2Department of Pathology, Division Microbiology, College of Medicine, Aljouf University, Saudi Arabia.
3Department of Pathology, Division Biochemistry, College of Medicine, Aljouf University, Sakakah, Saudi Arabia.
4Department of Clinical Biochemistry, Kashmir University, Hazratbal, Srinagar – 190 006, Jammu and Kashmir, India.
J. Pure Appl. Microbiol., 2018, 12 (4): 2245-2252 | Article Number: 5372
https://doi.org/10.22207/JPAM.12.4.64 | © The Author(s). 2018
Received: 25/11/2018 | Accepted: 20/12/2018 | Published: 30/12/2018
Abstract

Resistance to antibiotics is a serious concern and immediate steps are required to crub the resistance gained by microorganisms. Extended spectrum beta- lactamases (ESBLs) producing E.coli (Escherichia coli) is rapidly increasing and making antibiotics difficult to treat around the world. The screening of ESBL producers among Escherichia coli was done by method Double Disk Synergy Test (DDST), using ceftazidime and ceftriaxone disc and Combined Disc Test (CD) using ceftazidime-clavulanic acid according to Clinical and Laboratory Standard Institute (CLSI) protocol. In the DDST method, out of 60 clinical isolates of Escherichia coli, 22 were found ESBL positive isolates, and among 22 positive isolates   18 strains shows increase in  zone of inhibition by both ceftazidime and ceftriaxone disc. The remaining 4 ESBL isolates, 3 of them showed zone of inhibition to ceftazidime and only 1 isolate showed inhibition by ceftriaxone disc.
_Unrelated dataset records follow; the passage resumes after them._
lemma D1_Pair_id_const:
  fixes c :: "'a::real_normed_vector"
  assumes "t \<in> {0..1}"
  shows "D1 (\<lambda>t. (t, c)) t = (1, 0)"
proof -
  have "((\<lambda>t. (t, c)) has_vector_derivative (1, 0)) (at t within {0..1})"
    by (intro has_vector_derivative_Pair has_vector_derivative_id has_vector_derivative_const)
  then have "vector_derivative (\<lambda>t. (t, c)) (at t within cbox 0 1) = (1, 0)"
    by (intro vector_derivative_within_cbox) (use assms in auto)
  then show ?thesis
    by (simp add: D1_def)
qed

lemma fst_D1_pos_if_C2_dist_Pair_id_less_one:
  fixes v :: "real \<Rightarrow> real \<times> 'a::real_normed_vector"
  assumes "C2_on {0..1} v" "C2_dist v (\<lambda>t. (t, c)) < 1" "t \<in> {0..1}"
  shows "0 < fst (D1 v t)"
proof -
  let ?w = "\<lambda>t. (t, c)"
  have "D1 ?w t = (1, 0)"
    using assms(3) by (rule D1_Pair_id_const)
  then have "\<bar>fst (D1 v t) - 1\<bar> \<le> norm (D1 v t - D1 ?w t)"
    using norm_fst_le[of "fst (D1 v t - D1 ?w t)" "snd (D1 v t - D1 ?w t)", unfolded prod.collapse]
    by simp
  also have "\<dots> \<le> C2_dist v ?w"
    using assms(1) C2_on_Pair_id_const assms(3) by (rule norm_D1_diff_le_C2_dist)
  finally show ?thesis
    using assms(2) by (simp add: abs_le_iff)
qed
(* Let $1\le k\le n$ and $\rho=\sum_{i=0}^k\lambda_i|D_n^i\rangle\langle D_n^i|$ with $\lambda_i\ge0$, $\sum_{i=0}^k\lambda_i=1$. If there exists $i_*\in\{0,\dots,k\}$ such that $k-i_*$ is even and $\lambda_{i_*}=0$, then $L(\rho)\le k$.
   Context: Dicke states: $|D_n^i\rangle=\binom{n}{i}^{-1/2}\sum_{s\in\{0,1\}^n,\ \sum_js_j=i}|s_1\rangle\otimes\cdots\otimes|s_n\rangle$. For $S\subseteq[n]$, $\rho_S$ is the partial trace of $\rho$ over qubits outside $S$; $\mathcal C(\rho,\mathcal S)=\{\sigma\text{ density matrix}:\sigma_S=\rho_S\ \forall S\in\mathcal S\}$; $\mathcal S$ determines $\rho$ if $\mathcal C(\rho,\mathcal S)=\{\rho\}$; $L(\rho)=\min_{\mathcal S\text{ determines }\rho}\max_{S\in\mathcal S}|S|$. *)

theory Defs
  imports Complex_Main
begin

text \<open>n-qubit computational basis states are encoded as bit assignments
  s :: nat \<Rightarrow> bool with s j = False for j \<ge> n (qubits are 0,...,n-1).
  An operator on n qubits is a function rho :: basis \<Rightarrow> basis \<Rightarrow> complex
  (matrix entries), required to vanish outside the basis.\<close>

type_synonym bits = "nat \<Rightarrow> bool"
type_synonym qop = "bits \<Rightarrow> bits \<Rightarrow> complex"

definition asg :: "nat set \<Rightarrow> bits set" where
  "asg S = {x. \<forall>j. x j \<longrightarrow> j \<in> S}"

abbreviation basis :: "nat \<Rightarrow> bits set" where
  "basis n \<equiv> asg {0..<n}"

definition density :: "nat \<Rightarrow> qop \<Rightarrow> bool" where
  "density n \<sigma> \<longleftrightarrow>
     (\<forall>s t. (s \<notin> basis n \<or> t \<notin> basis n) \<longrightarrow> \<sigma> s t = 0) \<and>
     (\<forall>v :: bits \<Rightarrow> complex.
        let q = (\<Sum>s\<in>basis n. \<Sum>t\<in>basis n. cnj (v s) * \<sigma> s t * v t)
        in Im q = 0 \<and> Re q \<ge> 0) \<and>
     (\<Sum>s\<in>basis n. \<sigma> s s) = 1"

definition merge :: "nat set \<Rightarrow> bits \<Rightarrow> bits \<Rightarrow> bits" where
  "merge S x c = (\<lambda>j. if j \<in> S then x j else c j)"

definition ptrace :: "nat \<Rightarrow> nat set \<Rightarrow> qop \<Rightarrow> qop" where
  "ptrace n S \<sigma> x y = (\<Sum>c\<in>asg ({0..<n} - S). \<sigma> (merge S x c) (merge S y c))"

definition same_marginal :: "nat \<Rightarrow> nat set \<Rightarrow> qop \<Rightarrow> qop \<Rightarrow> bool" where
  "same_marginal n S \<sigma> \<rho> \<longleftrightarrow>
     (\<forall>x\<in>asg S. \<forall>y\<in>asg S. ptrace n S \<sigma> x y = ptrace n S \<rho> x y)"

definition compatible :: "nat \<Rightarrow> qop \<Rightarrow> nat set set \<Rightarrow> qop set" where
  "compatible n \<rho> \<S> = {\<sigma>. density n \<sigma> \<and> (\<forall>S\<in>\<S>. same_marginal n S \<sigma> \<rho>)}"

definition determines :: "nat \<Rightarrow> nat set set \<Rightarrow> qop \<Rightarrow> bool" where
  "determines n \<S> \<rho> \<longleftrightarrow> compatible n \<rho> \<S> = {\<rho>}"
lemma assignment_of_in_assignments:
  assumes "S \<in> ktuples n k"
  shows "assignment_of k S \<in> assignments k {1..n}"
  unfolding assignments_def
proof (intro CollectI allI conjI impI)
  fix i
  show "assignment_of k S i \<le> k"
  proof (cases "\<exists>j\<in>{1..k}. i \<in> S j")
    case True
    then obtain j where "j \<in> {1..k}" "i \<in> S j" by blast
    then show ?thesis using assignment_of_eq[OF assms] by simp
  qed (simp add: assignment_of_def)
  show "assignment_of k S i = 0" if "i \<notin> {1..n}"
  proof -
    have "\<forall>j\<in>{1..k}. i \<notin> S j" using assms that unfolding ktuples_def by blast
    then show ?thesis unfolding assignment_of_def by simp
  qed
qed

lemma tuple_of_assignment_of:
  assumes "S \<in> ktuples n k"
  shows "tuple_of n k (assignment_of k S) = S"
proof
  fix j
  have "{i \<in> {1..n}. assignment_of k S i = j} = S j" if j: "j \<in> {1..k}"
  proof (intro equalityI subsetI)
    fix i assume i: "i \<in> {i \<in> {1..n}. assignment_of k S i = j}"
    then obtain j' where "j' \<in> {1..k}" "i \<in> S j'"
      using j unfolding assignment_of_def by (auto split: if_splits)
    with i assignment_of_eq[OF assms] show "i \<in> S j" by auto
  next
    fix i assume i: "i \<in> S j"
    with assms j have "i \<in> {1..n}" unfolding ktuples_def by blast
    with i show "i \<in> {i \<in> {1..n}. assignment_of k S i = j}"
      using assignment_of_eq[OF assms j] by simp
  qed
  then show "tuple_of n k (assignment_of k S) j = S j"
    using assms unfolding tuple_of_def ktuples_def by auto
qed
theorem corollary18:
  fixes Y :: "'y set" and f :: "'y \<Rightarrow> real" and lam :: "nat \<Rightarrow> real" and n :: nat
    and phiY :: "'y \<Rightarrow> 'y \<Rightarrow> real"
    and a1' a1 b1 a2' a2 b2 :: real
  assumes "finite Y" and "Y \<noteq> {}"
    and "n \<ge> 2"
    and "\<forall>i\<in>{1..n}. lam i > 0"
    and "\<forall>i\<in>{1..n}. \<forall>j\<in>{1..n}. i < j \<longrightarrow> lam i < lam j"
    and "irreducible_kernel Y phiY"
    and "valid_params a1' a1 b1"
    and "valid_params a2' a2 b2"
  shows "pos_paths Y f lam n phiY a1' a1 b1 = pos_paths Y f lam n phiY a2' a2 b2"
proof -
  have "inj_on lam {1..n}"
    using assms(5) by (intro strict_mono_on_imp_inj_on) (auto simp: strict_mono_on_def)
  then have "pos_paths Y f lam n phiY p al be =
      {xs. xs \<noteq> [] \<and> set xs \<subseteq> states Y lam n \<and> successively (mh_adj lam n phiY) xs}"
    if "valid_params p al be" for p al be
    using path_prob_pos_iff[OF assms(1,4) _ assms(3) that assms(6)]
    unfolding pos_paths_def by blast
  then show ?thesis
    using assms(7,8) by simp
qed

end
(* For every symmetric instance with $n$ actions and $k$ signals ($2\le k\le n$) there exist a slope $s\in[-\infty,0]$ and an optimal scheme with $k$ signals that is direct, persuasive, recommends only actions in $[k]$, and whose recommendation points form an $s$-Pareto point collection $\mathcal P$ satisfying $u_{\mathcal S}(\mathcal P)\ge u_{\mathcal S}(\mathcal P')$ for every $s'\in[-\infty,0]$ and every $s'$-Pareto point collection $\mathcal P'$.
   Context: Model: a receiver chooses one of the actions $[n]$; each action $i$ has a type $\theta_i$; the state $\boldsymbol\theta=(\theta_1,\dots,\theta_n)$ is drawn from a commonly known distribution $q$ over a finite set of type vectors. Each type $t$ has receiver value $\rho(t)$ and sender value $\xi(t)$, received if the receiver takes an action of that type. A signaling scheme with $k$ signals maps each state to a distribution over $k$ signals; the sender commits to it, observes the state and sends a signal; the receiver picks an action maximizing her conditional expected utility given the signal, breaking ties in favor of the sender. $u_{\mathcal S},u_{\mathcal R}$ denote expected utilities; optimal means maximizing $u_{\mathcal S}$ among schemes with $k$ signals. Direct: each signal recommends an action; persuasive: for each signal sent with positive probability recommending $i$, $\mathbb E[\rho(\theta_i)\mid\sigma]\ge\mathbb E[\rho(\theta_j)\mid\sigma]$ for all $j$. $\rho_E=\max_{i\in[n]}\sum_{\boldsymbol\theta}q_{\boldsymbol\theta}\rho(\theta_i)$. Symmetric instance: $q_{\boldsymbol\theta}=q_{\boldsymbol\theta'}$ whenever $\boldsymbol\theta'$ is a permutation of $\boldsymbol\theta$; all actions share the type set $\Theta$, and (w.l.o.g.) the types in any state are pairwise distinct. Identify each type $c$ with the point $(\rho(c),\xi(c))\in\mathbb R^2$. For a $k$-element set $C$ of types let $q_C=\Pr[\{\theta_1,\dots,\theta_k\}=C]$. For $s\in(-\infty,0]$, a point $p$ of the convex hull $\mathrm{conv}(C)$ corresponds to slope $s$ if it maximizes $y-sx$ over $(x,y)\in\mathrm{conv}(C)$; it corresponds to slope $-\infty$ if it maximizes $x$ (first coordinate) over $\mathrm{conv}(C)$. The Pareto frontier of $C$ is the set of points of $\mathrm{conv}(C)$ corresponding to some slope in $[-\infty,0]$. A point collection $\mathcal P$ assigns to each $C$ with $q_C>0$ a point $p(C)=(p_{\mathcal R}(C),p_{\mathcal S}(C))\in\mathrm{conv}(C)$; $u_{\mathcal S}(\mathcal P)=\sum_C q_Cp_{\mathcal S}(C)$ and $u_{\mathcal R}(\mathcal P)=\sum_Cq_Cp_{\mathcal R}(C)$. For $s\in[-\infty,0]$, $\mathcal P$ is $s$-Pareto if (1) for every $C$, $p(C)$ corresponds to slope $s$ (in particular lies on the Pareto frontier of $C$), and (2) $u_{\mathcal R}(\mathcal P)\ge\rho_E$. For a direct scheme recommending only actions in $[k]$, its recommendation point for $C$ is $(\mathbb E[\rho(\theta_\sigma)\mid \{\theta_1,\dots,\theta_k\}=C],\ \mathbb E[\xi(\theta_\sigma)\mid\{\theta_1,\dots,\theta_k\}=C])$, where $\sigma$ is the recommended action; these points form a point collection. *)

theory Defs
  imports "HOL-Analysis.Analysis" "HOL-Probability.Probability_Mass_Function"
begin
Similarly, in CD method apart from 22 isolates detected by DDST method it detected 1 more isolate as ESBL producers. Furthermore, the CD method detects inducible beta- lactamase in III generation of cephalosporin sensitive isolate. Our study showed 22 isolates were found by DDST method and 23 isolates by CD method. This study results showed the prevalence of ESBL in E. coli were 36.66% by DDST and 38.33% by CD tests and we conclude that combined disk test (CD) is better than DDST for detection of ESBL.

Keywords

Extended-spectrum b-lactamase, Escherichia coli, Antibiotics, India

Introduction

The beta lactam antibiotics are hydrolyzed by  Extended-spectrum b-lactamases  (ESBL ) producing microorganism (Klebsiella species, Acinetobacter,  Pseudomonas aeruginosa, Citrobacter, Proteus, Enterobacter and Escherichia coli )  and is a major challenge in infectious diseases (Aminzadeh Z et al., 2008; Khanfar et al.,2009). Antibiotic resistant strains of Escherichia coli produce an enzyme known as ESBL and such strains are resistant to other class of antibiotic (Jacoby GA et al., 2005; Livermore DM et al., 2007). This makes the pathogen hard to treat. ESBL producing strains cause a wide range of infections from septicemia to urinary tract infection (Thakur S et al., 2013). The main target of ESBL producing pathogens are elderly people and those who have been recently admitted in the hospital and are taking antibiotics.  The ESBLs are typically plasmid mediated enzymes that hydrolyze penicillin, third-generation azetreonam and cephalosporin. They are not active against cefotetan, cefoxitin and cephamycins but are susceptible to clavulanic acid. Other, Antibiotics classes like, fluroquinolones and aminoglycosides the ESBL are resistant (Egea P et al., 2011; KO ks et al., 2007; Yadav et al., 2015). Plasmids play an important role in resistance to cephamycins involving amp C gene. The oxyimino group addition to the C-7-amino position of second and third generation of cephalosporin results in the broad spectrum cover to Enterobacteriaceae.  The attachment of beta lactamase to the antibiotic is prevented by oxyimino group (Kangh et al., 2005; Sachin et al., 2011). Furthermore, uncontrolled use of aztreonam and cephalosporin (Third generation cephalosporin) results in the mutation in the enzymes and which in turn cause the emerge of ESBL producing pathogens (Grover et al., 2006; Sharma et al., 2013; Kumar et al., 2014). The double disk test method is primarily used to detect the ESBL producing microorganism. The aim of this study is to find the ESBL producing E. coli from non ESBL producing strains.

Materials and Methods

The clinical isolates of E. coli strains were obtained from specimens (urine, blood, wound, pus, and semen) from patients admitted in different wards of Fortis Hospital, Noida, India between February 2016 to May 2017 following standard procedures CLSI. A total of 60 samples of E. coli were collected of all age groups. After receiving  the clinical isolates in the laboratory they were immediately cultured on Mac Conkey agar for further study. Standard protocol was followed for the identification of E.coli (Collee et al.,1996; Bailey and Scott’s 2007). Permission for work was approved by the Ethical committee of the institute and consent from patients.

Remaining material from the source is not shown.